You know. You've been around in Washington, a while, Kaitlan.

COLLINS: Yes. But we saw it put, you know?

PENCE: It's been around for a while. And I think the American people want to see better.

COLLINS: But we saw it really, I mean, at the forefront. And it's very clear that he was talking about former President Trump. I mean, do you agree that Donald Trump is a wannabe dictator? PENCE: Well, what I agree with is what General Milley said, about the oath, that men and women in uniform take.

My son's a Captain in the Marine Corps. My son-in-law is a Lieutenant in the United States Navy.

And Kaitlan, as I recounted, in my book, in the days leading up to January 6, two and a half years ago, my son, the Marine, looked at me, at one point, and said, "Dad, you take the same oath I take, and that is to support and defend the Constitution of the United States."

COLLINS: Right. But you worked closer --

PENCE: I know, by God's grace, I did my duty that day. And I can't affirm or comment on -- or what or who General Milley was referring to. But I can affirm his eloquent reference, to the men and women, who served in the uniform, of the United States, day, and throughout the history of this country.

COLLINS: I mean, clearly --

PENCE: They put on the uniform. And they take an oath.

COLLINS: I'll just say clearly --

PENCE: And they keep that oath every day.

COLLINS: Mr. Vice President, clearly, Trump thought that he was referring to him, because he responded to that after, calling General Milley, a "Moron." He added that the man that he picked to be Defense Secretary, Mark Esper, he called him a, quote, "Woke fool."

I mean, obviously, this is after what you referenced there, Trump implied that General Milley should be executed for treason.

Are those comments beyond the pale, in your view?

PENCE: Well, as I said, his earlier comments, regarding General Milley, were inexcusable, and really have no place, in the public debate.

But I think it's one of the reasons why, despite what some of the national polls may show, I think, Republican primary voters know that we need new leadership, not just in the White House, but in the Republican Party.

And that's why, I'll be back in Iowa, first thing in the morning, and we're going to continue to take our case of a commitment of that broad-based conservative agenda that's defined our movement, for years.

But also, I was inspired by Ronald Reagan, to become a Republican. And it was his conservative agenda. It was his optimism. And it was his civility, I think, that made it possible, for him, to lead an administration, that revived the country, and literally --

COLLINS: You talk about civility.

PENCE: -- literally changed the world.

COLLINS: You talk about civility, at length. And you said you think Republican voters know. But I think the question is, do they?
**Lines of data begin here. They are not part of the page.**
(* Let $\Delta\ge 1$ be an integer, $c>0$, $n\ge 0$, and let $s_1,\dots,s_\Delta$ be nonnegative numbers with $s_1 \le s_2 \le \dots \le s_\Delta$ and $\sum_{i=1}^{\Delta} s_i = n$. Then the quantity $\sum_{i=1}^{\Delta} (\Delta + i)\, c\sqrt{s_i}$, over all such tuples, is minimized when $s_\Delta = n$ (and hence $s_1=\dots=s_{\Delta-1}=0$). *)

theory Defs
  imports Complex_Main
begin

definition admissible :: "nat \<Rightarrow> real \<Rightarrow> (nat \<Rightarrow> real) \<Rightarrow> bool" where
  "admissible \<Delta> n s \<longleftrightarrow>
     (\<forall>i\<in>{1..\<Delta>}. s i \<ge> 0) \<and>
     (\<forall>i\<in>{1..<\<Delta>}. s i \<le> s (Suc i)) \<and>
     (\<Sum>i=1..\<Delta>. s i) = n"

definition objective :: "nat \<Rightarrow> real \<Rightarrow> (nat \<Rightarrow> real) \<Rightarrow> real" where
  "objective \<Delta> c s = (\<Sum>i=1..\<Delta>. real (\<Delta> + i) * c * sqrt (s i))"

end

theory Submission
  imports Defs
begin

text \<open>Let \<open>M = s\<^sub>\<Delta>\<close> be the largest entry and \<open>R = n - M\<close>. Since \<open>s\<^sub>i \<le> M\<close>, every
  \<open>\<surd>s\<^sub>i\<close> is at least \<open>s\<^sub>i / \<surd>M\<close>, so the entries below the top contribute at least
  \<open>R / \<surd>M\<close> to \<open>\<Sum>\<^sub>i<\<^sub>\<Delta> \<surd>s\<^sub>i\<close>. Hence \<open>\<Sum>\<^sub>i<\<^sub>\<Delta> \<surd>s\<^sub>i + 2\<surd>M \<ge> (n + M)/\<surd>M \<ge> 2\<surd>n\<close> by AM-GM.
  All weights \<open>\<Delta> + i\<close> are at least \<open>\<Delta>\<close>, and the top weight is exactly \<open>2\<Delta>\<close>, so the
  objective is at least \<open>2\<Delta>c\<surd>n\<close>, which is the value at \<open>s\<^sub>\<Delta> = n\<close>.\<close>

lemma le_last_if_Suc_mono:
  fixes s :: "nat \<Rightarrow> 'a::order"
  assumes mono: "\<forall>j\<in>{1..<D}. s j \<le> s (Suc j)" and "1 \<le> i" "i \<le> D"
  shows "s i \<le> s D"
  using \<open>i \<le> D\<close>
proof (induction rule: dec_induct)
  case base
  show ?case by simp
next
  case (step j)
  have "s j \<le> s (Suc j)" using mono \<open>1 \<le> i\<close> step.hyps by auto
  with step.IH show ?case by simp
qed

lemma div_sqrt_le_sqrt:
  fixes x M :: real
  assumes "0 \<le> x" "x \<le> M"
  shows "x / sqrt M \<le> sqrt x"
proof (cases "x = 0")
  case False
  then have "x / sqrt M \<le> x / sqrt x"
    using assms by (intro divide_left_mono) (auto intro: real_sqrt_le_mono)
  also have "\<dots> = sqrt x" using assms(1) by (rule real_div_sqrt)
  finally show ?thesis .
qed simp

lemma two_sqrt_sum_le:
  fixes s :: "'a \<Rightarrow> real"
  assumes "finite A" "k \<in> A"
    and nonneg: "\<And>i. i \<in> A \<Longrightarrow> 0 \<le> s i" and le_top: "\<And>i. i \<in> A \<Longrightarrow> s i \<le> s k"
  shows "2 * sqrt (sum s A) \<le> (\<Sum>i\<in>A - {k}. sqrt (s i)) + 2 * sqrt (s k)"
proof -
  define M R where "M = s k" and "R = sum s (A - {k})"
  have sum_eq: "sum s A = R + M"
    unfolding M_def R_def using assms(1,2) by (simp add: sum.remove)
  have R_le: "R / sqrt M \<le> (\<Sum>i\<in>A - {k}. sqrt (s i))"
    unfolding R_def M_def sum_divide_distrib
    by (intro sum_mono div_sqrt_le_sqrt) (auto intro: nonneg le_top)
  show ?thesis
  proof (cases "M = 0")
    case True
    then have "R = 0"
      unfolding R_def M_def using nonneg le_top by (intro sum.neutral) (auto intro: antisym)
    then show ?thesis using True sum_eq M_def by (auto intro!: sum_nonneg simp: nonneg)
  next
    case False
    then have sqrt_M: "sqrt M > 0" using nonneg[OF \<open>k \<in> A\<close>] M_def by auto
    have "R \<ge> 0" unfolding R_def by (auto intro!: sum_nonneg nonneg)
    then have "2 * (sqrt (R + M) * sqrt M) \<le> (R + M) + M"
      using arith_geo_mean_sqrt[of "R + M" M] sqrt_M by (simp add: real_sqrt_mult)
    then have "2 * sqrt (R + M) \<le> ((R + M) + M) / sqrt M"
      using sqrt_M by (simp add: pos_le_divide_eq mult.commute)
    also have "\<dots> = R / sqrt M + 2 * sqrt M"
      using sqrt_M real_div_sqrt[of M] by (simp add: add_divide_distrib times_divide_eq_right[symmetric])
    finally show ?thesis using R_le unfolding sum_eq M_def by linarith
  qed
qed

lemma admissible_weighted_sqrt_sum_ge:
  assumes "1 \<le> D" and adm: "admissible D n s"
  shows "2 * real D * sqrt n \<le> (\<Sum>i=1..D. real (D + i) * sqrt (s i))"
proof -
  have nonneg: "\<And>i. i \<in> {1..D} \<Longrightarrow> 0 \<le> s i" and sum_eq: "sum s {1..D} = n"
    and mono: "\<forall>j\<in>{1..<D}. s j \<le> s (Suc j)"
    using adm unfolding admissible_def by auto
  have split: "{1..D} = insert D {1..<D}" and rest: "{1..D} - {D} = {1..<D}"
    using \<open>1 \<le> D\<close> by auto
  have "2 * sqrt (sum s {1..D}) \<le> (\<Sum>i\<in>{1..D} - {D}. sqrt (s i)) + 2 * sqrt (s D)"
    using nonneg le_last_if_Suc_mono[OF mono] \<open>1 \<le> D\<close> by (intro two_sqrt_sum_le) auto
  then have "2 * sqrt n \<le> (\<Sum>i=1..<D. sqrt (s i)) + 2 * sqrt (s D)"
    unfolding sum_eq rest .
  then have "real D * (2 * sqrt n) \<le> real D * ((\<Sum>i=1..<D. sqrt (s i)) + 2 * sqrt (s D))"
    by (rule mult_left_mono) simp
  then have "2 * real D * sqrt n \<le> (\<Sum>i=1..<D. real D * sqrt (s i)) + 2 * real D * sqrt (s D)"
    by (simp add: sum_distrib_left algebra_simps)
  also have "(\<Sum>i=1..<D. real D * sqrt (s i)) \<le> (\<Sum>i=1..<D. real (D + i) * sqrt (s i))"
    using nonneg by (intro sum_mono mult_right_mono) auto
  also have "\<dots> + 2 * real D * sqrt (s D) = (\<Sum>i=1..D. real (D + i) * sqrt (s i))"
    unfolding split by (simp add: algebra_simps)
  finally show ?thesis by simp
qed

theorem mainTheorem2:
  fixes \<Delta> :: nat and c n :: real
  assumes "\<Delta> \<ge> 1" and "c > 0" and "n \<ge> 0"
  defines "s0 \<equiv> (\<lambda>i::nat. if i = \<Delta> then n else 0)"
  shows "admissible \<Delta> n s0 \<and>
         (\<forall>s. admissible \<Delta> n s \<longrightarrow> objective \<Delta> c s0 \<le> objective \<Delta> c s)"
proof -
  have split: "{1..\<Delta>} = insert \<Delta> {1..<\<Delta>}" using assms(1) by auto
  have "admissible \<Delta> n s0"
    unfolding admissible_def s0_def using assms(1,3) by (auto simp: split)
  moreover have "objective \<Delta> c s0 = c * (2 * real \<Delta> * sqrt n)"
    unfolding objective_def s0_def split by simp
  moreover have "objective \<Delta> c s = c * (\<Sum>i=1..\<Delta>. real (\<Delta> + i) * sqrt (s i))" for s
    unfolding objective_def by (simp add: sum_distrib_left algebra_simps)
  ultimately show ?thesis
    using admissible_weighted_sqrt_sum_ge[OF assms(1)] assms(2) by (simp add: mult_left_mono)
qed

end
Because, right now, Trump is running away with the race. I mean, lately, he has called, for the parent company, of a news network, to be investigated, for treason. He is vowing to seek retribution, if he wins. He says quite blatantly that he will go after and target his political opponents.

I mean, with comments like that, do you believe that he is a threat, if he returns to the Oval Office?

PENCE: Look, I spent four years, trying to explain Donald Trump's words. And I'm out of that business, now, Kaitlan. What I can tell you is everywhere I go --

COLLINS: But you know him better than anyone else, who worked with him --

PENCE: Everywhere I go, Republican --

COLLINS: -- who was on that stage.

PENCE: -- Republican voters believe that Joe Biden has weakened this country, at home and abroad. I mean, we're struggling, in this economy. We have the worst border crisis, in American history. That disastrous withdrawal, from Afghanistan, has emboldened the enemies of freedom.

COLLINS: But with all due respect, this isn't about President Biden.

PENCE: And the American people know that.

COLLINS: It's about the Republican front-runner, right now, Mr. Vice President.

PENCE: Well, I hear you. And I know you all like to focus on those national polls.

I'm just telling you, what's happening on the ground is a lot more dynamic than it looks, in the day in and day out polling that you might see. I mean, I'm convinced that well more than half of Republican primary voters know that we need a change. And I'm going to continue to work my heart out, to earn the right to be our standard- bearer, and to carry us to victory at.

One of the polls, I really liked recently, Kaitlan that said that had me beating Joe Biden, 52 to 46, by the widest margin of others in the field. And so, we'll continue to carry that message. I have great confidence, in Republican primary voters, caucus-goers in Iowa.

COLLINS: I've heard you say that --

PENCE: And I believe we're going to have a new leadership.

COLLINS: I've heard you say that before. But, I mean, it's not just one cherry-picked poll, or something like that.

The polls roundly show that Trump is ahead. And he's making comments, like that accusing the Chairman of the Joint Chiefs of Staff, implying that he has committed treason. Today, he was making light, of an attack, on a prominent political figure's spouse, in California, obviously, former Speaker Pelosi's husband.

With those comments, and saying that news networks should be investigated for treason, is that someone who you believe is unfit, to be back in the Oval Office? Is it a threat to the United States, if he's back there?


PENCE: Well, I'm running for President of the United States, because I believe our party, and our country, need new leadership. And I've been very clear about that.

COLLINS: But no Republicans will really directly criticize him.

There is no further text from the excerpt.